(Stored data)
___
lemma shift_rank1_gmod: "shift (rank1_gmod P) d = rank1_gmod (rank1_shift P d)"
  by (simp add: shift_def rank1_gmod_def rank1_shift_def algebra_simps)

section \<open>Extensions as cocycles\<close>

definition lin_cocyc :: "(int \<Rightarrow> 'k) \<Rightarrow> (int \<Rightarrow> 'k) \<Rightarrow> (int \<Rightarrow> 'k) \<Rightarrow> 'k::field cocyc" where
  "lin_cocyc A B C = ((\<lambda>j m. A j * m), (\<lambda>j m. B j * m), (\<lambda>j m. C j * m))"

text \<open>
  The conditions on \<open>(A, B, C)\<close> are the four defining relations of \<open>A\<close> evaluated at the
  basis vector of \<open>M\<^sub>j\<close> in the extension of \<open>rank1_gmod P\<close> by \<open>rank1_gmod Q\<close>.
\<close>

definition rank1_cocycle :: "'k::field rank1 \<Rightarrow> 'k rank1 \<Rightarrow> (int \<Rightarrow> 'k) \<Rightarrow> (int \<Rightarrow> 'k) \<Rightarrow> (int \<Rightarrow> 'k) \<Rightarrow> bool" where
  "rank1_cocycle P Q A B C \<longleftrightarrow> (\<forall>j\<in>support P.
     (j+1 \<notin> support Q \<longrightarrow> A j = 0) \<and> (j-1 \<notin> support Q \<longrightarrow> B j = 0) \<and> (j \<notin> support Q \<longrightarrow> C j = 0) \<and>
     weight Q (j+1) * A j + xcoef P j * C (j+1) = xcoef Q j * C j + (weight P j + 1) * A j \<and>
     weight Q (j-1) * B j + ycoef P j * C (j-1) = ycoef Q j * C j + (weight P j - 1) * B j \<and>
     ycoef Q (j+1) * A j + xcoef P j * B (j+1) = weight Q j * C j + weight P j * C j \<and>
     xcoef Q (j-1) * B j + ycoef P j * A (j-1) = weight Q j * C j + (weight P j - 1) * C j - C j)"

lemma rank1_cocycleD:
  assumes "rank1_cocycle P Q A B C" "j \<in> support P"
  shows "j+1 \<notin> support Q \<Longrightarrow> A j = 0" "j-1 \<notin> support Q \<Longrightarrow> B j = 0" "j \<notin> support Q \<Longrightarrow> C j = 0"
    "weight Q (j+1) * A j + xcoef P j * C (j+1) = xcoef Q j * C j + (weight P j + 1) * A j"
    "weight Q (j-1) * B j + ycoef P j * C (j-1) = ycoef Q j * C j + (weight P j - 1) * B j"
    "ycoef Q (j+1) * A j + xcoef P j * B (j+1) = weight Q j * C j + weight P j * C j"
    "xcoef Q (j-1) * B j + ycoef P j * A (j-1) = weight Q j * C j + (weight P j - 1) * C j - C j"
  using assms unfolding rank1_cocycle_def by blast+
___
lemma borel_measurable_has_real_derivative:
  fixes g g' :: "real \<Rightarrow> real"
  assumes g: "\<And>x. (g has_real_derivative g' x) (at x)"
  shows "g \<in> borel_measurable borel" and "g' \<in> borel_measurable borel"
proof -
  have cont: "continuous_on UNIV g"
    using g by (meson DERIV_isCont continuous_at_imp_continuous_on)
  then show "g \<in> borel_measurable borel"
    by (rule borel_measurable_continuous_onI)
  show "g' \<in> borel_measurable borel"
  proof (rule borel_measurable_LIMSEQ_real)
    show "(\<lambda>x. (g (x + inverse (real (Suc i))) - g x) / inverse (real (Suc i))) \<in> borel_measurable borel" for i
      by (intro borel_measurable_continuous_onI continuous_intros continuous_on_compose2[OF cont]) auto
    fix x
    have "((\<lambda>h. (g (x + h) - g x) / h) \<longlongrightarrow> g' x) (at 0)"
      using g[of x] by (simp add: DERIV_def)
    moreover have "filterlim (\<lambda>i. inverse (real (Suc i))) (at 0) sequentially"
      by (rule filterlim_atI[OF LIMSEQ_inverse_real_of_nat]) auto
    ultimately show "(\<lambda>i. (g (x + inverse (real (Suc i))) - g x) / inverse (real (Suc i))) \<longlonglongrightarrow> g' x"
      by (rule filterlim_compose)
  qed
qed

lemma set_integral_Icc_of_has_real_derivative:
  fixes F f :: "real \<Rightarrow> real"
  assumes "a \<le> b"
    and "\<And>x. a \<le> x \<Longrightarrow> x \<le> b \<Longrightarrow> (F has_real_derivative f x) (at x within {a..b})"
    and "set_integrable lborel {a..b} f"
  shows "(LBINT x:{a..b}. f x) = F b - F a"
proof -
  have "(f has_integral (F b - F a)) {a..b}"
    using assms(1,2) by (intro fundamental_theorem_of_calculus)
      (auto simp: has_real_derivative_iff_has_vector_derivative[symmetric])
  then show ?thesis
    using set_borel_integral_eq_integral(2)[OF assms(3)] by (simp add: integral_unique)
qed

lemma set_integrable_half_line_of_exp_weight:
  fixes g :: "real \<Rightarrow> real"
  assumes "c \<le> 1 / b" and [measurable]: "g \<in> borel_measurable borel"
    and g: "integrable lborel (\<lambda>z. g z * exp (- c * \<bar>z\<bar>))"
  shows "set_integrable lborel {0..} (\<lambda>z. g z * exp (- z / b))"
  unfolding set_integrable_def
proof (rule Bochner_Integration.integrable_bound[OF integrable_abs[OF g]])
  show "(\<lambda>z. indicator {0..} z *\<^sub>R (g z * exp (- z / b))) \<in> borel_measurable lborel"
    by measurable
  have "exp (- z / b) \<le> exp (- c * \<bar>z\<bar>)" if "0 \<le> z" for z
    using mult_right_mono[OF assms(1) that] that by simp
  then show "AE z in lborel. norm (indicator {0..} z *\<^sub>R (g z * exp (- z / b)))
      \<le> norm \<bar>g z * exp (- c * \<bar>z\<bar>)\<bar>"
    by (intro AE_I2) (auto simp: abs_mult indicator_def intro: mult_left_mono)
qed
___
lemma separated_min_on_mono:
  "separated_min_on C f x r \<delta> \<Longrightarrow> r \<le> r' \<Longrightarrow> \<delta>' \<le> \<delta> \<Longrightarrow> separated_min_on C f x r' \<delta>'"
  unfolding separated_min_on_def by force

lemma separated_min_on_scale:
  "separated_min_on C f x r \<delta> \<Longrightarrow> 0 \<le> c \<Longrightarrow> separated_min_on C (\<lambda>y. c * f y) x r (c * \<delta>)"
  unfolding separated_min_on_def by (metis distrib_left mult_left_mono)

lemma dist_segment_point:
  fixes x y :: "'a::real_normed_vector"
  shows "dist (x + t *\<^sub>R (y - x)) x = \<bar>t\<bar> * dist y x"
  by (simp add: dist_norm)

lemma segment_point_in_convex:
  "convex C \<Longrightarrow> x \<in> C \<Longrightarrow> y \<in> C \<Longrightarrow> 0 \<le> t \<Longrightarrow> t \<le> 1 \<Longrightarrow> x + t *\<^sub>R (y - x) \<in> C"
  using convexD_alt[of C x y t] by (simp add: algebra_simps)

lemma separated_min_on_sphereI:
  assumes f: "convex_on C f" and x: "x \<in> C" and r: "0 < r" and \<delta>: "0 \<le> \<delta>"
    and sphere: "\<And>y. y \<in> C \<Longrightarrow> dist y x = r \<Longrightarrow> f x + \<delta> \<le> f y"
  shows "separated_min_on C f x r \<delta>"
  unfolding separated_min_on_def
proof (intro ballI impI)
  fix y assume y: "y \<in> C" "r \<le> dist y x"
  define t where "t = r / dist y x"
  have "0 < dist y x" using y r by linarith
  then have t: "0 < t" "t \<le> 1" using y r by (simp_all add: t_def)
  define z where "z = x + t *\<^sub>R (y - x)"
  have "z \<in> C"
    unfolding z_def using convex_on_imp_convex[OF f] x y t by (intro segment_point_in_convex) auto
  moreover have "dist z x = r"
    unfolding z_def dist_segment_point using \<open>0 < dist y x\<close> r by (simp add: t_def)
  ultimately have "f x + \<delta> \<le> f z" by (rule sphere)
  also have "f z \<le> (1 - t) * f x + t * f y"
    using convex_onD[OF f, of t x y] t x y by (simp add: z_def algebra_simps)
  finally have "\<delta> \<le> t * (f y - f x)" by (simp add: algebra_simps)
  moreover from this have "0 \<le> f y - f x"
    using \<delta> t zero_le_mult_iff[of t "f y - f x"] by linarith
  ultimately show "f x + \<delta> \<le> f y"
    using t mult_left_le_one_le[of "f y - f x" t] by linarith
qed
___
Each line in the records that carries "where" must be copied out.

● WRITTEN SOLUTION
definition lin_cocyc :: "(int \<Rightarrow> 'k) \<Rightarrow> (int \<Rightarrow> 'k) \<Rightarrow> (int \<Rightarrow> 'k) \<Rightarrow> 'k::field cocyc" where
definition rank1_cocycle :: "'k::field rank1 \<Rightarrow> 'k rank1 \<Rightarrow> (int \<Rightarrow> 'k) \<Rightarrow> (int \<Rightarrow> 'k) \<Rightarrow> (int \<Rightarrow> 'k) \<Rightarrow> bool" where
  define t where "t = r / dist y x"
  define z where "z = x + t *\<^sub>R (y - x)"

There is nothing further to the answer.